Update for August 18, 2020

​Regulatory Update
 
The FDA approved viltolarsen (Viltepso, NS Pharma), on 8/12/2020, for the treatment of Duchenne muscular dystrophy (DMD) in patients with a confirmed mutation in the DMD gene amenable to exon 53 skipping. Viltolarsen will compete with golodirsen (Vyondys 53, Sarepta), which was approved in 2019 for the treatment of DMD amenable to exon 53 skipping. Efficacy has not been established with either drug. Both will require a study to demonstrate they can improve the time to stand in DMD patients.
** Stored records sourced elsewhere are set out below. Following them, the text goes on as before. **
lemma pd_perimeter:
  assumes "3 \<le> n" "x \<in> Pn n"
  shows "pd (perimeter n) x m = dperimeter n x m"
proof -
  have "eventually (\<lambda>t. perimeter n (x(m := x m + t)) = tangent_perimeter n (x(m := x m + t))) (nhds 0)"
    using eventually_fun_upd_in_Pn[OF assms]
    by (rule eventually_mono) (rule perimeter_eq_tangent_perimeter[OF assms(1)])
  moreover have "((\<lambda>t. tangent_perimeter n (x(m := x m + t))) has_real_derivative dperimeter n x m) (at 0)"
    using assms Pn_cos_half_adiff_pos[OF assms(2)]
    by (intro tangent_perimeter_deriv less_imp_neq[symmetric]) auto
  ultimately have "((\<lambda>t. perimeter n (x(m := x m + t))) has_real_derivative dperimeter n x m) (at 0)"
    by (subst DERIV_cong_ev[OF refl _ refl])
  then show ?thesis
    unfolding pd_def by (rule DERIV_imp_deriv)
qed

lemma dperimeter_alpha:
  assumes "3 \<le> n" "m < n"
  shows "dperimeter n x m = (pc n x (prv n m) + pc n x m) * (1 + (tan_half_angle n x (prv n m))\<^sup>2) / 2
      - (pc n x m + pc n x (nxt n m)) * (1 + (tan_half_angle n x m)\<^sup>2) / 2"
proof -
  let ?f = "\<lambda>i. (pc n x i + pc n x (nxt n i)) * (1 + (tan_half_angle n x i)\<^sup>2) / 2"
  have "dperimeter n x m = (\<Sum>i<n. of_bool (m = nxt n i) * ?f i) - (\<Sum>i<n. if i = m then ?f i else 0)"
    unfolding dperimeter_def sum_subtractf[symmetric] using assms(2)
    by (intro sum.cong) (auto simp: field_simps)
  also have "\<dots> = ?f (prv n m) - ?f m"
    unfolding sum_of_bool_eq_nxt[OF assms(2)] using assms(2) by simp
  finally show ?thesis
    using assms by (simp add: nxt_prv)
qed

lemma dperimeter_p:
  assumes "3 \<le> n" "k < n"
  shows "dperimeter n x (n + k) = tan_half_angle n x k + tan_half_angle n x (prv n k)"
proof -
  have "n + k \<noteq> nxt n i" "n + k \<noteq> i" if "i < n" for i
    using that nxt_less[of n i] by auto
  then have "dperimeter n x (n + k)
      = (\<Sum>i<n. if i = k then tan_half_angle n x i else 0)
        + (\<Sum>i<n. of_bool (k = nxt n i) * tan_half_angle n x i)"
    unfolding dperimeter_def sum.distrib[symmetric] by (intro sum.cong) (simp_all add: distrib_right)
  also have "\<dots> = tan_half_angle n x k + tan_half_angle n x (prv n k)"
    unfolding sum_of_bool_eq_nxt[OF assms(2)] using assms(2) by simp
  finally show ?thesis .
qed

section \<open>Lie brackets of the fields xi\<close>

lemma sum_mult_xi:
  assumes "i < n"
  shows "(\<Sum>m<2 * n. h m * xi n i x m) = h i + Phi n x i * h (n + i)"
proof -
  have "(\<Sum>m<2 * n. h m * xi n i x m)
      = (\<Sum>m<2 * n. (if m = i then h m else 0) + (if m = n + i then Phi n x i * h m else 0))"
    using assms by (intro sum.cong) (auto simp: xi_def)
  also have "\<dots> = h i + Phi n x i * h (n + i)"
    using assms by (simp add: sum.distrib)
  finally show ?thesis .
qed

lemma pd_xi:
  assumes "j < n"
  shows "pd (\<lambda>y. xi n j y k) x m = of_bool (k = n + j) * pd (\<lambda>y. Phi n y j) x m"
proof -
  consider "k = j" | "k = n + j" | "k \<noteq> j" "k \<noteq> n + j" by blast
  then show ?thesis
    using assms by cases (simp_all add: xi_def pd_def)
qed

definition xi_Phi :: "nat \<Rightarrow> (nat \<Rightarrow> real) \<Rightarrow> nat \<Rightarrow> nat \<Rightarrow> real" where
  "xi_Phi n x i j = pd (\<lambda>y. Phi n y j) x i + Phi n x i * pd (\<lambda>y. Phi n y j) x (n + i)"

lemma lie_xi:
  assumes "i < n" "j < n"
  shows "lie n (xi n i) (xi n j) x k = of_bool (k = n + j) * xi_Phi n x i j - of_bool (k = n + i) * xi_Phi n x j i"
proof -
  have "lie n (xi n i) (xi n j) x k = (\<Sum>m<2 * n. pd (\<lambda>y. xi n j y k) x m * xi n i x m)
      - (\<Sum>m<2 * n. pd (\<lambda>y. xi n i y k) x m * xi n j x m)"
    unfolding lie_def by (simp add: sum_subtractf algebra_simps)
  then show ?thesis
    unfolding sum_mult_xi[OF assms(1)] sum_mult_xi[OF assms(2)] pd_xi[OF assms(1)] pd_xi[OF assms(2)]
      xi_Phi_def
    by (simp add: algebra_simps)
qed

lemma dperimeter_lie:
  assumes "i < n" "j < n"
  shows "(\<Sum>k<2 * n. dperimeter n x k * lie n (xi n i) (xi n j) x k)
    = dperimeter n x (n + j) * xi_Phi n x i j - dperimeter n x (n + i) * xi_Phi n x j i"
proof -
  have "(\<Sum>k<2 * n. dperimeter n x k * lie n (xi n i) (xi n j) x k)
      = (\<Sum>k<2 * n. if k = n + j then dperimeter n x k * xi_Phi n x i j else 0)
        - (\<Sum>k<2 * n. if k = n + i then dperimeter n x k * xi_Phi n x j i else 0)"
    unfolding sum_subtractf[symmetric] lie_xi[OF assms] by (intro sum.cong) auto
  then show ?thesis
    using assms by simp
qed

section \<open>Tangency to the level sets of the perimeter\<close>

text \<open>In the two identities below, u, v, w are the half-angle tangents at the vertices
  i - 1, i, i + 1 and p0, ..., p3 the support numbers of the sides i - 1, ..., i + 2;
  they are dF(xi_i) = 0 and dF([xi_i, xi_(i+1)]) = 0 written out.\<close>

lemma phi_tan_dperimeter_xi:
  fixes u v p0 p1 p2 :: real
  assumes "u + v \<noteq> 0"
  shows "(p0 + p1) * (1 + u\<^sup>2) / 2 - (p1 + p2) * (1 + v\<^sup>2) / 2 + phi_tan u v p2 p1 p0 * (v + u) = 0"
  using assms unfolding phi_tan_def by (simp add: divide_simps) algebra

lemma phi_tan_dperimeter_lie:
  fixes u v w p0 p1 p2 p3 :: real
  assumes "u + v \<noteq> 0" "v + w \<noteq> 0"
  shows "(w + v) * (- ((1 + v\<^sup>2) / 2) * phi_tan_du v w p3 p2 p1 + phi_tan u v p2 p1 p0 * phi_tan_dpp v w)
       - (v + u) * ((1 + v\<^sup>2) / 2 * phi_tan_dv u v p2 p1 p0 + phi_tan v w p3 p2 p1 * phi_tan_dpn u v) = 0"
  using assms unfolding phi_tan_def phi_tan_du_def phi_tan_dv_def phi_tan_dpn_def phi_tan_dpp_def
  by (simp add: divide_simps) algebra

context
  fixes n :: nat and x :: "nat \<Rightarrow> real"
  assumes n3: "3 \<le> n" and xP: "x \<in> Pn n"
begin

lemma xi_Phi_nxt:
  assumes "i < n"
  shows "xi_Phi n x i (nxt n i) = - ((1 + (tan_half_angle n x i)\<^sup>2) / 2)
        * phi_tan_du (tan_half_angle n x i) (tan_half_angle n x (nxt n i))
            (pc n x (nxt n (nxt n i))) (pc n x (nxt n i)) (pc n x i)
      + Phi n x i * phi_tan_dpp (tan_half_angle n x i) (tan_half_angle n x (nxt n i))"
proof -
  have nl: "nxt n i < n" and nnl: "nxt n (nxt n i) < n"
    using n3 by (simp_all add: nxt_less)
  have "prv n (nxt n i) = i" "nxt n i \<noteq> i" "nxt n (nxt n i) \<noteq> i"
    using assms nxt_neq_prv[OF n3 nl] by (simp_all add: prv_nxt nxt_neq n3)
  moreover have "i \<noteq> n + k" "n + i \<noteq> k" if "k < n" for k
    using assms that by auto
  ultimately show ?thesis
    unfolding xi_Phi_def pd_Phi[OF n3 xP nl] using nl nnl assms by simp
qed

lemma xi_nxt_Phi:
  assumes "i < n"
  shows "xi_Phi n x (nxt n i) i = (1 + (tan_half_angle n x i)\<^sup>2) / 2
        * phi_tan_dv (tan_half_angle n x (prv n i)) (tan_half_angle n x i)
            (pc n x (nxt n i)) (pc n x i) (pc n x (prv n i))
      + Phi n x (nxt n i) * phi_tan_dpn (tan_half_angle n x (prv n i)) (tan_half_angle n x i)"
proof -
  have nl: "nxt n i < n" and pl: "prv n i < n"
    using n3 by (simp_all add: nxt_less prv_less)
  have "nxt n i \<noteq> i" "nxt n i \<noteq> prv n i"
    using assms n3 by (simp_all add: nxt_neq nxt_neq_prv)
  moreover have "nxt n i \<noteq> n + k" "n + nxt n i \<noteq> k" if "k < n" for k
    using nl that by auto
  ultimately show ?thesis
    unfolding xi_Phi_def pd_Phi[OF n3 xP assms] using nl pl assms by simp
qed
If the trials fail to prove efficacy, the FDA may start proceedings to withdraw approval.
 
The FDA approved satralizumab (Enspryng, Genentech), on 8/17/2020, for the treatment of neuromyelitis optica spectrum disorder (NMOSD) in adults who are anti-aquaporin-4 or AQP4 antibody-positive. 
 
An FDA review of Mesoblast’s remestemcel-L data questioned the use of a single arm study design and felt the overall response rate used to determine efficacy was too low. However, the FDA’s Oncologic Drugs Advisory Committee voted 8-2 to recommend approval of remestemcel-L for the treatment of pediatric patients with steroid-refractory acute graft-versus-host disease (GVHD). 
 
The FDA accepted the NDA for G1 Therapeutics’ trilaciclib to preserve bone marrow and immune system function in patients being treated with chemotherapy for small cell lung cancer and set a PDUFA date of 2/15/2021.
 
The FDA accepted the BLA for Protalix BioTherapeutics’ pegunigalsidase alfa for the treatment of adult patients with Fabry disease and set a PDUFA date of 1/27/2021.
 
The FDA accepted the NDA for TG Therapeutics’ umbralisib for the treatment of follicular lymphoma and marginal zone lymphoma patients who have received at least one prior anti-CD20 based regimen. A PDUFA date of 2/15/21 has been set.
 
Announced Research Updates
 
Fulcrum reports interim data from 29 patients enrolled in the 48-week, 80 patient, Phase IIb ReDUX4 trial, where treatment with losmapimod did not reduce DUX4-driven gene expression in affected skeletal muscle biopsies at 16-weeks, compared to placebo in patients with facioscapulohumeral muscular dystrophy. Despite the lack of effect in an interim analysis, Fulcrum plans to continue the ReDUX4 trial, because in patients with the highest pre-treatment DUX4-driven gene expression, losmapimod reduced DUX4-driven gene expression more than placebo.
 
Verona announced that in a 4-week, 416 patient, Phase IIb, dose ranging trial, ensifentrine plus tiotropium increased FEV1 compared to tiotropium alone (ensifentrine dose-dependent increase of 78 mL to 124 mL) in patients with chronic obstructive pulmonary disease. 
 
Novo halted the Phase II explorer5 trial and the Phase III explorer7 and 8 trials, in March 2020, due to thrombotic events in three patients. All three trails were evaluating concizumab as prophylactic treatment in both hemophilia A and B regardless of inhibitor status. Novo restarted all three trials in August 2020 with new safety measures in place.
 
Published Research Updates
 
In the 24-week, 2,691 patient, Phase III, SAKURA 3 trial (a long -term follow-up with patients that participated in the SAKURA 1 & 2 trials), treatment with daxibotulinumtoxinA resulted in a reduction in the Investigator Global Assessment-Frown Wrinkle Severity (IGA-FWS) score, which peaked at two to four weeks where 96% of patients had an IGA-FWS score of none to mild and at 24-weeks, 32% of patients had a similar score. The most common ADR were headache (5.9%), nasopharyngitis (4.4%), injection site pain (3.9%), and injection site erythema (3.3%).